Here’s how Brooks does it:
Hand him a scrambled cube and he’ll start spinning the edges, an ever-changing jumble of colored squares, until he recognizes a pattern. “I know thousands of these patterns,” he says. “The first two-thirds of this process is pretty much making it up as I go along. The last third is where I reduce the cube to a finite number of positions.”
At this point, Brooks almost doesn’t need to think it through any more.
“The algorithms are stored in my muscle memory,” he says. “So when I see a pattern, even if I’m on a big TV show like ‘SuperHuman,’ where it’s a high-pressure situation, my fingers know what to do and I can trust that.”
Of course, if you’ve ever toyed around with a Rubik’s Cube, you’ll know he’s making it sound much, much easier than it actually is.
Brooks, a native Texan who moved to DFW from Brownsville to study economics and business administration at UTA, has one semester left before he graduates.
He’s not sure what his future holds, but his speedcubing skills will probably be put to use. He already travels all over the country almost every weekend to perform or compete in various events.
Putting the pieces together
Millar, a self-proclaimed “King of Puzzles,” is a computer software developer by day and a freelance puzzle author and blogger by night.
“I’ve always been good with puzzles,” he says. “I’ve been drawing mazes ever since I was a kid, 7 or 8 years old. After all this time, I can see a maze now and instantly see the path through it.”
In his “SuperHuman” episode, Millar glances at a giant maze and then, without looking, guides Penn through it from memory.
“The way I remember all the twists and turns,” Millar says, “for me, I see it almost like cursive writing in my mind.”
If you’re looking for a navigator or co-pilot, you can’t ask for a better sidekick.
But be sure to hand him a map first. “I’m still a little new to the area,” Millar says. “I’ve lived in Fort Worth only about three years now. I moved here from Michigan. So I’m still getting to know the city.”
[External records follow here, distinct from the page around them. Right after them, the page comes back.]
text \<open>One step of the baseline: state (x_t, (Thetahat_t, chat_t)); joint projected OGD on
  Kbar = cball 0 KTh x cball 0 Kc in R^p x R^h (Euclidean norm on the product).\<close>
definition base_step ::
  "(real^'n \<Rightarrow> real^'n) \<Rightarrow> (real^'n \<Rightarrow> real^'m^'n) \<Rightarrow> (real^'n \<Rightarrow> real^'p^'n) \<Rightarrow>
   (real^'n \<Rightarrow> real^'h^'n) \<Rightarrow> real^'p \<Rightarrow> real \<Rightarrow> real \<Rightarrow> real \<Rightarrow> real \<Rightarrow> real^'h \<Rightarrow> (nat \<Rightarrow> real^'n) \<Rightarrow>
   nat \<Rightarrow> (real^'n) \<times> ((real^'p) \<times> (real^'h)) \<Rightarrow> (real^'n) \<times> ((real^'p) \<times> (real^'h))" where
  "base_step f0 B Y1 Y2 Th KTh Kc C1 C2 cc wi t s =
     (let x = fst s; thh = fst (snd s); ch = snd (snd s);
          u = ce_input B x (Y1 x *v thh + Y2 x *v ch);
          x' = plant_next f0 B Y1 Y2 Th cc (wi t) x u;
          y = observe f0 B x u x';
          eta = 2 * sqrt (KTh\<^sup>2 + Kc\<^sup>2) / (sqrt (C1\<^sup>2 + C2\<^sup>2) * sqrt (real t))
      in (x', closest_point (cball 0 KTh \<times> cball 0 Kc)
                 ((thh, ch) - eta *\<^sub>R (grad_theta Y1 Y2 x y thh ch, grad_c Y1 Y2 x y thh ch))))"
At the end of each episode, the studio audience’s favorite of five “SuperHuman” contestants will be awarded a $50,000 prize. Millar admits the potential to line his pockets was enticing, but he says the real incentive for appearing on the show was to demonstrate a skill that often gets overlooked.
“We see a lot of superstar athletes getting their moment in the spotlight, meeting with the president and so forth,” he says. “But we also have a lot of super-intelligent people with a lot of interesting skills in this country, and I think it’s about time we took a moment to glorify that.”
All the right moves
That said, “SuperHuman” also allows people to show off their physical prowess.
Casey, who has lived in Dallas since he was in grade school, is a first-degree black belt in karate. He says he discovered his knack for sensing an opponent’s every move while studying in Chuck Norris’ Kickstart Karate Program as a middle-schooler.
“Anticipating what’s coming next, that’s always the goal,” Casey says. “It’s something I’ve always been good at.”
In his episode of “SuperHuman,” he shows what he can do while blindfolded.
Casey said he hopes the show serves as a launch pad for his career as an actor and stunt man.
“I want to be the next big movie action star,” he says. “I would love to work with guys like The Rock, Vin Diesel and Jason Statham.”
Casey compares his gig on “SuperHuman” to being in the circus.
“Everyone is super-talented and everyone does vastly different things,” he says. “Watching a couple of people and the things they could do, especially the ones who were good with math and memory, I was like, ‘I definitely could have used that skill in college.’
“In the end, everyone there was just so humbled by the person standing next to them. One of us would be like, ‘Man, how did you do that?’ And they’d ask back, ‘Man, how did you do that?’
“Being able to take part in that was very cool.”